Entri Populer

Minggu, 30 Januari 2011

Definisi Pemberdayaan

Secara konseptual, pemberdayaan atau pemberkuasaan (empowerment), berasal dari kata ‘power’ (kekuasaan atau keberdayaan). Karenanya, ide utama pemberdayaan bersentuhan dengan konsep mengenai kekuasaan. Kekuasaan seringkali dikaitkan dengan kemampuan kita untuk membuat orang lain melakukan apa yang kita inginkan, terlepas dari keinginan dan minat mereka. Ilmu sosial tradisional menekankan bahwa kekuasaan berkaitan dengan pengaruh dan kontrol. Pengertian ini mengasumsikan bahwa kekuasaan sebagai sesuatu yang tidak berubah atau tidak dapat dirubah. Kekuasaan sesungguhnya tidak terbatas pada pengertian di atas. Kekuasaan tidak vakum dan terisolasi. Kekuasaan senantiasa hadir dalam konteks relasi sosial antar manusia. Kekuasaan tercipta dalam relasi sosial. Karena itu, kekuasaan dan hubungan kekuasaan dapat berubah. Dengan pemahaman kekuasaan seperti ini, pemberdayaan sebagai sebuah proses perubahan kemudian memiliki konsep yang bermakna. Dengan kata lain, kemungkinan terjadinya proses pemberdayaan sangat tergantung pada dua hal yaitu:
·         Bahwa kekuasaan dapat berubah. Jika kekuasaan tidak dapat berubah, pemberdayaan tidak mungkin terjadi dengan cara apapun.
·        Bahwa kekuasaan dapat diperluas. Konsep ini menekankan pada pengertian kekuasaan yang tidak statis, melainkan dinamis.
Berikut akan disampaikan beberapa pengertian tentang pemberdayaan yaitu :
·         Pemberdayaan bertujuan untuk meningkatkan kekuasaan orang-orang yang lemah atau tidak beruntung (Ife, 1995: 56).
·         Pemberdayaan menunjuk pada usaha pengalokasian kembali kekuasaan melalui pengubahan struktur sosial (Swift dan Levin (1987: xiii).
·         Pemberdayaan adalah suatu cara dengan mana rakyat, organisasi, dan komunitas diarahkan agar mampu menguasai (atau berkuasa atas) kehidupannya (Rappaport, 1984: 3).
·         Pemberdayaan adalah sebuah proses dengan mana orang menjadi cukup kuat untuk berpartisipasi dalam, berbagi pengontrolan atas, dan mempengaruhi terhadap, kejadian-kejadian serta lembaga-lembaga yang mempengaruhi kehidupannya.
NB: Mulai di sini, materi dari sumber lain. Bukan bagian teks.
section \<open>Flat functions and bumps\<close>

text \<open>These functions are closed under differentiation, which makes \<open>exp (-1/x)\<close> (extended
  by 0) smooth by coinduction.\<close>

definition flat_poly :: "real poly \<Rightarrow> real \<Rightarrow> real" where
  "flat_poly p x = (if x > 0 then poly p (1/x) * exp (- 1/x) else 0)"

lemma poly_times_exp_neg_tendsto_0: "((\<lambda>t. poly (r::real poly) t * exp (- t)) \<longlongrightarrow> 0) at_top"
proof -
  have "((\<lambda>t. \<Sum>i\<le>degree r. coeff r i * (t ^ i / exp t)) \<longlongrightarrow> 0) at_top"
    by (intro tendsto_null_sum tendsto_mult_right_zero tendsto_power_div_exp_0)
  moreover have "(\<Sum>i\<le>degree r. coeff r i * (t ^ i / exp t)) = poly r t * exp (- t)" for t
    by (simp add: poly_altdef exp_minus divide_inverse sum_distrib_left mult_ac)
  ultimately show ?thesis by simp
qed

lemma poly_inverse_times_exp_tendsto_0:
  "((\<lambda>y. poly (r::real poly) (1/y) * exp (- 1/y)) \<longlongrightarrow> 0) (at_right 0)"
proof -
  have "((\<lambda>y. poly r (inverse y) * exp (- inverse y)) \<longlongrightarrow> 0) (at_right 0)"
    using filterlim_compose[OF poly_times_exp_neg_tendsto_0 filterlim_inverse_at_top_right] by simp
  then show ?thesis by (simp add: field_simps)
qed

lemma flat_poly_has_derivative:
  "(flat_poly p has_real_derivative flat_poly ([:0,0,1:] * (p - pderiv p)) x) (at x)"
proof -
  consider "x > 0" | "x < 0" | "x = 0" by linarith
  then show ?thesis
  proof cases
    case 1
    have "((\<lambda>y. poly p (1/y) * exp (- 1/y)) has_real_derivative
        poly (pderiv p) (1/x) * (- 1 / x^2) * exp (- 1/x) + poly p (1/x) * (exp (- 1/x) * (1/x^2))) (at x)"
      using 1
      by (auto intro!: derivative_eq_intros DERIV_chain2[OF poly_DERIV] simp: power2_eq_square field_simps)
    then have "((\<lambda>y. poly p (1/y) * exp (- 1/y))
        has_real_derivative flat_poly ([:0,0,1:] * (p - pderiv p)) x) (at x)"
      using 1 by (simp add: flat_poly_def poly_diff power2_eq_square field_simps)
    then show ?thesis
      by (rule has_field_derivative_transform_within_open[where S="{0<..}"])
         (use 1 in \<open>auto simp: flat_poly_def\<close>)
  next
    case 2
    have "((\<lambda>y. 0) has_real_derivative flat_poly ([:0,0,1:] * (p - pderiv p)) x) (at x)"
      using 2 by (simp add: flat_poly_def)
    then show ?thesis
      by (rule has_field_derivative_transform_within_open[where S="{..<0}"])
         (use 2 in \<open>auto simp: flat_poly_def\<close>)
  next
    case 3
    have right: "((\<lambda>y. (flat_poly p y - flat_poly p 0) / (y - 0)) \<longlongrightarrow> 0) (at_right 0)"
      using poly_inverse_times_exp_tendsto_0[of "pCons 0 p"]
      by (rule Lim_transform_eventually)
         (auto simp: eventually_at_right_field flat_poly_def intro!: exI[of _ 1])
    have left: "((\<lambda>y. (flat_poly p y - flat_poly p 0) / (y - 0)) \<longlongrightarrow> 0) (at_left 0)"
      by (rule Lim_transform_eventually[of "\<lambda>y. 0"])
         (auto simp: eventually_at_left_field flat_poly_def intro!: exI[of _ "-1"])
    show ?thesis
      using filterlim_split_at[OF left right] 3 by (simp add: has_field_derivative_iff flat_poly_def)
  qed
qed

lemma smooth_flat_poly: "smooth (flat_poly p)"
proof -
  have "\<exists>p. u = flat_poly p \<Longrightarrow> smooth u" for u
  proof (coinduction arbitrary: u rule: smooth.coinduct)
    case (smooth u)
    then show ?case using flat_poly_has_derivative by blast
  qed
  then show ?thesis by blast
qed

definition flat_step :: "real \<Rightarrow> real" where
  "flat_step x = (if x > 0 then exp (- 1/x) else 0)"

lemma smooth_flat_step: "smooth flat_step"
proof -
  have "flat_step = flat_poly 1" by (auto simp: flat_step_def flat_poly_def)
  then show ?thesis using smooth_flat_poly by metis
qed

lemma flat_step_nonneg: "0 \<le> flat_step x"
  by (simp add: flat_step_def)

lemma flat_step_le_1: "flat_step x \<le> 1"
  by (simp add: flat_step_def)

lemma flat_step_eq_0: "x \<le> 0 \<Longrightarrow> flat_step x = 0"
  by (simp add: flat_step_def)

lemma flat_step_tendsto_1: "(flat_step \<longlongrightarrow> 1) at_top"
proof -
  have "((\<lambda>t::real. exp (- inverse t)) \<longlongrightarrow> exp (- 0)) at_top"
    by (intro tendsto_exp tendsto_minus tendsto_inverse_0_at_top filterlim_ident)
  then have "((\<lambda>t::real. exp (- inverse t)) \<longlongrightarrow> 1) at_top" by simp
  then show ?thesis
    by (rule Lim_transform_eventually)
       (auto simp: flat_step_def eventually_at_top_linorder divide_inverse intro!: exI[of _ 1])
qed
theorem corollary2p5:
  fixes f g :: "complex \<Rightarrow> complex" and L1 L2 :: "complex set" and p :: complex
    and \<theta> :: real and a b :: "nat \<Rightarrow> complex"
  assumes "f holomorphic_on ball 0 1" and "g holomorphic_on ball 0 1"
    and "is_line_segment L1" and "is_line_segment L2"
    and "L1 \<subseteq> ball 0 1" and "L2 \<subseteq> ball 0 1"
    and "p \<in> L1" and "p \<in> L2"
    and "seg_angle L1 L2 = \<theta>"
    and "0 < \<theta>" and "\<theta> < pi / 2" and "\<theta> / pi \<notin> \<rat>"
    and "\<And>n. a n \<in> L1 - {p}" and "\<And>n. b n \<in> L2 - {p}"
    and "a \<longlonglongrightarrow> p" and "b \<longlonglongrightarrow> p"
    and "\<And>n. cmod (f (a n)) = cmod (g (a n))"
    and "\<And>n. cmod (f (b n)) = cmod (g (b n))"
  shows "\<exists>\<beta>. cmod \<beta> = 1 \<and> (\<forall>z\<in>ball 0 1. f z = \<beta> * g z)"
proof -
  define r where "r = 1 - cmod p"
  have "r > 0"
    using assms(5,7) by (auto simp: r_def)
  have sub: "ball p r \<subseteq> ball 0 1"
    by (simp add: ball_subset_ball_iff r_def)
  obtain u1 v1 u2 v2 where
    "u1 \<noteq> v1" "L1 = closed_segment u1 v1" "u2 \<noteq> v2" "L2 = closed_segment u2 v2"
    using assms(3,4) unfolding is_line_segment_def by blast
  then obtain c where "cmod c = 1" "\<forall>w\<in>ball p r. f w = c * g w"
    using proportional_if_norm_eq_on_crossing_segments
      [OF holomorphic_on_subset [OF assms(1) sub] holomorphic_on_subset [OF assms(2) sub]]
      seg_angle_closed_segment assms(7-18) by metis
  then show ?thesis
    using proportional_on_connected_if_proportional_on_ball [OF assms(1,2) open_ball connected_ball sub]
      \<open>r > 0\<close> by blast
qed

end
Pemberdayaan menekankan bahwa orang memperoleh keterampilan, pengetahuan, dan kekuasaan yang cukup untuk mempengaruhi kehidupannya dan kehidupan orang lain yang menjadi perhatiannya (Parsons, et al., 1994:106).
·         Pemberdayaan menunjuk pada kemampuan orang, khususnya kelompok rentan dan lemah, untuk (a) memiliki akses terhadap sumber-sumber produktif yang memungkinkan mereka dapat meningkatkan pendapatannya dan memperoleh barang-baran dan jasa-jasa yang mereka perlukan; dan (b) berpartisipasi dalam proses pembangunan dan keputusan-keputusan yang mempengaruhi mereka.
Beragam definisi pemberdayaan menjelaskan bahwa pemberdayaan adalah sebuah proses dan tujuan. Sebagai proses, pemberdayaan adalah serangkaian kegiatan untuk memperkuat kekuasaan atau keberdayaan kelompok lemah dalam masyarakat, termasuk individu-individu yang mengalami masalah kemiskinan. Sebagi tujuan, maka pemberdayaan menunjuk pada keadaan atau hasil yang ingin dicapai oleh sebuah perubahan sosial; yaitu masyarakat miskin yang berdaya, memiliki kekuasaan atau mempunyai pengetahuan dan kemampuan dalam memenuhi kebutuhan hidupnya baik yang bersifat fisik, ekonomi, maupun sosial seperti memiliki kepercayaan diri, mampu menyampaikan aspirasi, mempunyai mata pencaharian, berpartisipasi dalam kegiatan sosial, dan mandiri dalam melaksanakan tugas-tugas kehidupannya. Pengertian pemberdayaan sebagai tujuan seringkali digunakan sebagai indikator keberhasilan pemberdayaan sebagai sebuah proses.